Churchill regarded his wartime Labour associates with gratitude and admiration. In the dark days of 1940, when he thought it might come to some grim last stand against the onrushing Germans, he said he had thought to fight it out with a triumvirate of Lord Beaverbrook and another Labour colleague, Ernest Bevin.
Domestically, Attlee and Churchill agreed on nothing significant. But both had fought as soldiers in the deadliest war in history. And both had governed together in the worst war in history. The respect and collegiality they shared is a model for our time. Or any time.
The supposed Attlee gags—”an empty cab drew up and Mr. Attlee got out”; “He is a sheep in sheep’s clothing”—do not track to Churchill. He did say, when President Truman said that Attlee seemed a modest man, “he has much to be modest about.” But that was a private remark, which someone on Truman’s staff overheard and repeated. When confronted with the other Attlee barbs, Churchill would vehemently deny them. Sometimes he would say, “Mr. Attlee is a gallant and faithful servant of the Crown and I would never say such a thing about him”—or words to that effect.
No wonder, then, that Mr. Cohen and I appreciate what Attlee said. He was truly, in the words of the old song, one of the Giants of Old. It why so many, Churchill friends and opponents alike, found Attlee’s speech deeply moving.

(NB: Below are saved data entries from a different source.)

lemma funpow_path_step_code_pre:
  fixes p s :: baire and N :: nat
  defines "S \<equiv> path_step_code (list_encode (pre (pairB p s) N))"
  shows "\<exists>j. (S ^^ k) m = (follow_step p ^^ j) m"
    and "(\<And>j. j < k \<Longrightarrow> 2 * snoc_code ((follow_step p ^^ j) m) 1 < N) \<Longrightarrow>
      (S ^^ k) m = (follow_step p ^^ k) m"
proof -
  show "\<exists>j. (S ^^ k) m = (follow_step p ^^ j) m"
  proof (induction k)
    case (Suc k)
    then obtain j where "(S ^^ k) m = (follow_step p ^^ j) m" ..
    then have "(S ^^ Suc k) m \<in> {(follow_step p ^^ j) m, (follow_step p ^^ Suc j) m}"
      by (simp add: S_def path_step_code_pre)
    then show ?case by blast
  qed (auto intro: exI[of _ 0])
  show "(\<And>j. j < k \<Longrightarrow> 2 * snoc_code ((follow_step p ^^ j) m) 1 < N) \<Longrightarrow>
      (S ^^ k) m = (follow_step p ^^ k) m"
    by (induction k) (simp_all add: S_def path_step_code_pre)
qed

lemma run_path_machine:
  fixes p s :: baire
  shows "run path_machine (pairB p s) = Some (follow_path p (s 0))"
proof (rule run_eqI)
  let ?q = "pairB p s" and ?m = "s 0"
  let ?S = "\<lambda>N. path_step_code (list_encode (pre ?q N))"
  have out: "N \<ge> 2 \<Longrightarrow> path_machine (pre ?q N) = list_decode ((?S N ^^ N) ?m)" for N
    by (simp add: path_machine_def pre_def del: upt_Suc)
  show "\<exists>N. k < length (path_machine (pre ?q N))" for k
  proof -
    define N where "N = Suc k + 2 + (\<Sum>j<Suc k. 2 * snoc_code ((follow_step p ^^ j) ?m) 1)"
    have "2 * snoc_code ((follow_step p ^^ j) ?m) 1 < N" if "j < Suc k" for j
      using that member_le_sum[where i=j and A="{..<Suc k}"
          and f="\<lambda>j. 2 * snoc_code ((follow_step p ^^ j) ?m) 1"]
      unfolding N_def by simp
    then have "(?S N ^^ Suc k) ?m = (follow_step p ^^ Suc k) ?m"
      by (rule funpow_path_step_code_pre(2))
    moreover have "prefix (list_decode ((?S N ^^ Suc k) ?m)) (list_decode ((?S N ^^ N) ?m))"
      by (rule funpow_prefix_mono[where g=list_decode and f="?S N", OF prefix_path_step_code])
         (simp add: N_def)
    moreover have "N \<ge> 2" by (simp add: N_def)
    ultimately have "Suc k \<le> length (path_machine (pre ?q N))"
      using out prefix_length_le length_funpow_follow_step[where p=p and k="Suc k" and m="?m"]
      by (metis le_add2 order.trans)
    then show ?thesis by (intro exI[of _ N]) simp
  qed
  show "path_machine (pre ?q N) ! k = follow_path p ?m k" if "k < length (path_machine (pre ?q N))" for N k
  proof -
    have "N \<ge> 2" using that by (auto simp: path_machine_def pre_def split: if_splits)
    moreover obtain j where "(?S N ^^ N) ?m = (follow_step p ^^ j) ?m"
      using funpow_path_step_code_pre(1) by blast
    ultimately show ?thesis
      using that out nth_funpow_follow_step by metis
  qed
qed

The Rt. Hon. The Lord Attlee
My Lords, as an old opponent and a colleague, but always a friend, of Sir Winston Churchill, I should like to say a few words in addition to what has already been so eloquently said.
My mind goes back to many years ago. I recall Sir Winston as a rising hope of the Conservative Party at the end of the 19th century. I looked upon him and Lord Hugh Cecil as the two rising hopes of the Conservative Party. Then, with courage, he crossed the House—not easy for any man. You might say of Sir Winston that to whatever Party he belonged, he did not really change his ideas. He was always Winston.

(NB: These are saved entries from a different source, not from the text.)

lemma group_Dgrp: "p > 0 \<Longrightarrow> k > 0 \<Longrightarrow> group (Dgrp p k)"
  by (simp add: Dgrp_eq_DirProd DirProd_group group_pruefer group_roots_unity)

lemma subgroup_DirProd_supset_factor:
  assumes G: "group G" and K: "group K"
    and H: "subgroup H (G \<times>\<times> K)" and factor: "{\<one>\<^bsub>G\<^esub>} \<times> carrier K \<subseteq> H"
  shows "subgroup (fst ` H) G" and "H = fst ` H \<times> carrier K"
proof -
  interpret G: group G by (rule G)
  interpret K: group K by (rule K)
  have "fst \<in> hom (G \<times>\<times> K) G"
    by (auto simp: hom_def mult_DirProd')
  then interpret group_hom "G \<times>\<times> K" G fst
    by (intro group_hom.intro group_hom_axioms.intro DirProd_group G K)
  show "subgroup (fst ` H) G"
    using H by (rule subgroup_img_is_subgroup)
  have H_sub: "H \<subseteq> carrier G \<times> carrier K"
    using subgroup.subset[OF H] by simp
  show "H = fst ` H \<times> carrier K"
  proof
    show "H \<subseteq> fst ` H \<times> carrier K" using H_sub by force
  next
    show "fst ` H \<times> carrier K \<subseteq> H"
    proof (clarsimp)
      fix a w z assume aw: "(a, w) \<in> H" and z: "z \<in> carrier K"
      with H_sub have "a \<in> carrier G" "w \<in> carrier K" by auto
      moreover have "(\<one>\<^bsub>G\<^esub>, inv\<^bsub>K\<^esub> w \<otimes>\<^bsub>K\<^esub> z) \<in> H"
        using factor z \<open>w \<in> carrier K\<close> by auto
      ultimately have "(a, w) \<otimes>\<^bsub>G \<times>\<times> K\<^esub> (\<one>\<^bsub>G\<^esub>, inv\<^bsub>K\<^esub> w \<otimes>\<^bsub>K\<^esub> z) \<in> H"
        using subgroup.m_closed[OF H aw] by blast
      then show "(a, z) \<in> H"
        using \<open>a \<in> carrier G\<close> \<open>w \<in> carrier K\<close> z by (simp add: K.m_assoc[symmetric])
    qed
  qed
qed

lemma lie_dim_eq_1_iff: "lie_dim H = 1 \<longleftrightarrow> {(1, 1)} \<times> circle_grp \<subseteq> H"
proof
  assume "{(1, 1)} \<times> circle_grp \<subseteq> H"
  then have "lie_alg H = UNIV"
    by (auto simp: lie_alg_def circle_grp_def)
  then show "lie_dim H = 1" by (simp add: lie_dim_def)
next
  assume dim1: "lie_dim H = 1"
  have "\<not> lie_alg H \<subseteq> {0}"
  proof
    assume "lie_alg H \<subseteq> {0}"
    then have "lie_dim H \<le> dim {0 :: real}"
      unfolding lie_dim_def by (rule dim_subset)
    with dim1 show False by simp
  qed
  then obtain x where x: "x \<in> lie_alg H" "x \<noteq> 0" by blast
  have "((1, 1), z) \<in> H" if z: "z \<in> circle_grp" for z
  proof -
    \<comment> \<open>as t ranges over R, cis (t x) sweeps out the whole circle\<close>
    from z have "z \<noteq> 0" by (auto simp: circle_grp_def)
    with z have "cis (Arg z) = z" by (simp add: circle_grp_def cis_Arg sgn_div_norm)
    moreover have "((1, 1), cis ((Arg z / x) * x)) \<in> H"
      using x(1) unfolding lie_alg_def by blast
    ultimately show ?thesis using x(2) by simp
  qed
  then show "{(1, 1)} \<times> circle_grp \<subseteq> H" by blast
qed

lemma Dtop_eq_discrete: "Dtop p k = discrete_topology (pruefer p \<times> roots_unity k)"
  by (simp add: Dtop_def prod_topology_discrete_topology)

lemma closed_subgroups_Dtop: "closed_subgroups (Dtop p k) (Dgrp p k) = {D. subgroup D (Dgrp p k)}"
  using subgroup.subset by (fastforce simp: closed_subgroups_def Dtop_eq_discrete carrier_Dgrp)

lemma pistar_eq_Times: "subgroup D (Dgrp p k) \<Longrightarrow> pistar p k D = D \<times> circle_grp"
  using subgroup.subset[of D "Dgrp p k"] by (auto simp: pistar_def carrier_Ggrp carrier_Dgrp)

lemma closed_1dim_subgroups_eq:
  "closed_1dim_subgroups p k = {H \<in> closed_subgroups (Gtop p k) (Ggrp p k). {(1, 1)} \<times> circle_grp \<subseteq> H}"
  by (simp only: closed_1dim_subgroups_def lie_dim_eq_1_iff)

The first time I saw him was at the siege of Sidney Street, when he took over command there, and I happened to be a local resident. I did not meet him again until he came into the House of Commons in 1924. The extraordinary thing, when one thinks of it, is that by that time he had done more than the average Member of Parliament, and more than the average minister, in the way of a Parliamentary career. We thought at that time that he was finished.
Not a bit of it. He started again another career, and then, after some years, it seemed again that he had faded. He became a lone wolf, outside any party; and yet, somehow or other, the time was coming which would be for him his supreme moment, and for the country its supreme moment. It seems as if everything led up to that time in 1940, when he became prime minister of this country at the time of its greatest peril.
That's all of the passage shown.